-- Dataset content follows --
lemma nn_integral_rank_reject_prob_iid_le:
  fixes C :: "'a pmf" and t :: "'a \<Rightarrow> real"
  assumes J: "finite J" and j: "j \<in> J" and x: "0 \<le> x"
  shows "(\<integral>\<^sup>+V. rank_reject_prob J (t \<circ> V) x j \<partial>Pi_pmf J d (\<lambda>_. C)) \<le> x / card J"
proof -
  let ?P = "Pi_pmf J d (\<lambda>_. C)"
  let ?F = "\<lambda>i. \<integral>\<^sup>+V. rank_reject_prob J (t \<circ> V) x i \<partial>?P"
  have exchangeable: "?F i = ?F j" if i: "i \<in> J" for i
  proof -
    define h where "h r = (if r = i then j else if r = j then i else r)" for r
    have h_bij: "bij_betw h J J"
      by (rule bij_betwI[where g = h]) (use i j in \<open>auto simp: h_def\<close>)
    have perm: "map_pmf (\<lambda>V. V \<circ> h) ?P = ?P"
      by (rule Pi_pmf_bij_betw[OF J h_bij, symmetric]) (use i j in \<open>auto simp: h_def\<close>)
    have "?F i = (\<integral>\<^sup>+V. rank_reject_prob J (t \<circ> V) x i \<partial>map_pmf (\<lambda>V. V \<circ> h) ?P)"
      by (simp only: perm)
    also have "\<dots> = (\<integral>\<^sup>+V. rank_reject_prob J (t \<circ> V \<circ> h) x i \<partial>?P)"
      by (simp add: comp_assoc)
    also have "\<dots> = ?F j"
      using h_bij by (simp add: rank_reject_prob_comp_bij h_def)
    finally show ?thesis .
  qed
  have "ennreal (card J) * ?F j = (\<Sum>i\<in>J. ?F i)"
    using exchangeable by (simp add: ennreal_of_nat_eq_real_of_nat)
  also have "\<dots> = (\<integral>\<^sup>+V. (\<Sum>i\<in>J. ennreal (rank_reject_prob J (t \<circ> V) x i)) \<partial>?P)"
    by (rule nn_integral_sum[symmetric]) simp
  also have "\<dots> = (\<integral>\<^sup>+V. (\<Sum>i\<in>J. rank_reject_prob J (t \<circ> V) x i) \<partial>?P)"
    by (simp add: sum_ennreal rank_reject_prob_nonneg)
  also have "\<dots> \<le> (\<integral>\<^sup>+V. x \<partial>?P)"
    using sum_rank_reject_prob_le[OF J, of "t \<circ> _" x] x
    by (intro nn_integral_mono ennreal_leI) (simp add: max_absorb1)
  also have "\<dots> = ennreal (card J) * ennreal (x / card J)"
    using j J x by (auto simp: measure_pmf.emeasure_space_1 ennreal_mult'[symmetric] card_gt_0_iff)
  finally show ?thesis
    using j J by (subst (asm) ennreal_mult_le_mult_iff) (auto simp: card_gt_0_iff)
qed

lemma emeasure_uniform_unit_atMost:
  "emeasure (uniform_measure lborel {0..1::real}) {U. U \<le> y} = clamp01 y"
proof -
  have "{0..1::real} \<inter> {U. U \<le> y} = {0..min 1 y}" by auto
  then show ?thesis
    by (simp add: emeasure_lborel_Icc_eq clamp01_def divide_ennreal_def)
qed

definition crt_reject_prob ::
    "nat \<Rightarrow> ((nat \<Rightarrow> real) \<Rightarrow> real) \<Rightarrow> (nat \<Rightarrow> real) \<Rightarrow> (nat \<Rightarrow> nat \<Rightarrow> real) \<Rightarrow> real \<Rightarrow> ennreal"
  where "crt_reject_prob R t Z Zs \<alpha> = emeasure (uniform_measure lborel {0..1}) {U. crt_pval R t Z Zs U \<le> \<alpha>}"

lemma crt_reject_prob_eq_rank_reject_prob:
  "crt_reject_prob R t Z Zs \<alpha> = rank_reject_prob {..R} (t \<circ> Zs(R := Z)) ((1 + real R) * \<alpha>) R"
proof -
  let ?gt = "card {r\<in>{..<R}. t Z < t (Zs r)}"
  let ?eq = "card {r\<in>{..<R}. t (Zs r) = t Z}"
  have "crt_pval R t Z Zs U \<le> \<alpha> \<longleftrightarrow> U \<le> ((1 + real R) * \<alpha> - ?gt) / (1 + ?eq)" for U
    unfolding crt_pval_def by (simp add: pos_divide_le_eq pos_le_divide_eq algebra_simps)
  moreover have "{r\<in>{..R}. t Z < (t \<circ> Zs(R := Z)) r} = {r\<in>{..<R}. t Z < t (Zs r)}"
    by (auto simp: le_less)
  moreover have "{r\<in>{..R}. (t \<circ> Zs(R := Z)) r = t Z} = insert R {r\<in>{..<R}. t (Zs r) = t Z}"
    by (auto simp: le_less)
  ultimately show ?thesis
    by (simp add: crt_reject_prob_def rank_reject_prob_def emeasure_uniform_unit_atMost add.commute)
qed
-- Dataset content concluded --
## Task prompt
What is needed is a verbatim copy of every line in the records above from the one containing "by (simp only: perm)" down to the one containing "j = (\<Sum>i\<in>J.", both included, and nothing more.

## Output below
      by (simp only: perm)
    also have "\<dots> = (\<integral>\<^sup>+V. rank_reject_prob J (t \<circ> V \<circ> h) x i \<partial>?P)"
      by (simp add: comp_assoc)
    also have "\<dots> = ?F j"
      using h_bij by (simp add: rank_reject_prob_comp_bij h_def)
    finally show ?thesis .
  qed
  have "ennreal (card J) * ?F j = (\<Sum>i\<in>J. ?F i)"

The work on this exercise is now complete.